Crypto is more than just “crypto-currencies”

  • Cryptocurrency is the most famous application of blockchain Technology.
  • However, the cryptoverse is much larger with other use cases still in development.
  • Even today, a number of industries and some of the larger companies are already using blockchain for business critical functions.

Contrary to how the term is often used, ‘cryptographyis so much more important than digital money alone. Even without too much effort, crypto has started to impact our lives – not just in the abstract sense, but in ways that can be seen and felt in real life.

Whichever definition you like, crypto refers to anything that uses a cryptographically secure blockchain – a company share register – which may or may not be decentralized.

Decentralization – having no single authority at the heart of it – is one of the main selling points of cryptocurrencies, but it is not a requirement. Centralized applications like central bank digital coins (CBDCs) and other examples are starting to emerge using blockchain technology.

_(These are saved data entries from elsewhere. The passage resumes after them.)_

lemma card_le_index_of_kernel_subset:
  assumes f: "group_hom G G f" "f ` carrier G = H" and H: "subgroup H G" "finite (rcosets H)"
    and N: "subgroup N G" "finite (rcosets N)" "f ` N \<subseteq> N"
    and F: "F \<subseteq> carrier G" "\<And>k. k \<in> F \<Longrightarrow> f k = \<one>" "inj_on (\<lambda>k. N #> k) F"
  shows "card F \<le> card (rcosets H)"
proof -
  let ?Im = "(\<lambda>h. N #> h) ` H"
  have Im: "(\<lambda>x. N #> f x) ` carrier G = ?Im"
    using f(2) by (simp add: image_image[symmetric])
  have "finite ?Im"
    using N(2) rcosetsI[OF subgroup.subset[OF N(1)]] subgroup.subset[OF H(1)]
    by (blast intro: finite_subset)
  moreover have "?Im \<noteq> {}"
    using subgroup.one_closed[OF H(1)] by blast
  ultimately have pos: "0 < card ?Im"
    by (simp add: card_gt_0_iff)
  have "card F * card ?Im \<le> card (rcosets N)"
    using card_mult_card_image_le[OF f(1) N F] unfolding Im .
  also have "\<dots> \<le> card ?Im * card (rcosets H)"
    by (rule card_rcosets_le_mult_index[OF N(1,2) H])
  finally show ?thesis
    using pos by (simp add: mult.commute)
qed

end

section \<open>Subgroups of bounded index in a finitely generated group\<close>

lemma mono_chain_stationary:
  fixes C :: "nat \<Rightarrow> 'b set"
  assumes mono: "mono C" and bound: "\<And>j. C j \<subseteq> A" "finite A" "card A \<le> n" and "C 0 \<noteq> {}"
  shows "\<exists>j<n. C j = C (Suc j)"
proof (rule ccontr)
  assume "\<not> (\<exists>j<n. C j = C (Suc j))"
  have fin: "finite (C j)" for j
    using finite_subset[OF bound(1,2)] .
  have card_C: "Suc j \<le> card (C j)" if "j \<le> n" for j
    using that
  proof (induction j)
    case 0
    then show ?case
      using \<open>C 0 \<noteq> {}\<close> fin by (simp add: Suc_le_eq card_gt_0_iff)
  next
    case (Suc j)
    then have "C j \<subset> C (Suc j)"
      using monoD[OF mono, of j "Suc j"] \<open>\<not> (\<exists>j<n. C j = C (Suc j))\<close> by auto
    then have "card (C j) < card (C (Suc j))"
      by (rule psubset_card_mono[OF fin])
    then show ?case
      using Suc by simp
  qed
  have "Suc n \<le> card A"
    using card_C[of n] card_mono[OF bound(2,1), of n] by simp
  then show False
    using bound(3) by simp
qed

Here’s a quick look at the four hottest trends in cryptoversy that go beyond trading on crypto exchanges:


Legendarily, the left hand of government may not know what the right hand is doing, with the two working for opposite ends. But it’s helpful to remember that a government is run by people, and help, like blockchain technology, that streamlines people’s efforts is welcome. If this can help coordinate the departments, the different “hands” through which government works, so much the better.

With that in mind, governments that went computerized decades ago are looking for the next big leap in using cryptography. Opportunities being explored include digital ID, digital voting, tamper-proof diplomas, title deeds to track ownership and climate protection.


Better tracking of mass products has benefited the companies that sell them – the proliferation of barcodes and RFID tags in stores was just the beginning. When you consider the tiny profit margins of these companies, the incentive becomes clear.

Commodity and retail companies use cryptography to track fresh farm produce, identify counterfeit retail products, reward loyal customers, monitor supply chains, and track prescription drugs.

Financial services

Supporters have frequently stated that crypto or blockchain-based systems have the potential to conduct transactions faster, with less overhead, and in a more economical manner. Companies have taken the opportunity to test them in the real world, using existing currency.

Financial institutions use crypto as a payment network that connects to each other, to process payments faster, activate private payment gateways, and settle cross-border remittances.

Emerging on-premise applications are normally grouped into a group called “decentralized finance” or DeFi.

Business process

Between and within companies, cryptography disrupts the management of normal day-to-day business processes. The goal: to improve efficiency, reduce bureaucratic delays and save employees time.

Businesses use cryptography to streamline legal and medical records, account for guns sold, enforce worker rights, track compliance and taxes, share industry data, and use smart contracts in mining.

In addition, research is underway to determine how cryptography can help in other areas such as food security, copyright protection, family wills, stock trading, and more.

As illustrated then, cryptocurrency is just the most well-known app yet – and the biggest crypto-fueled disruption may be yet to come.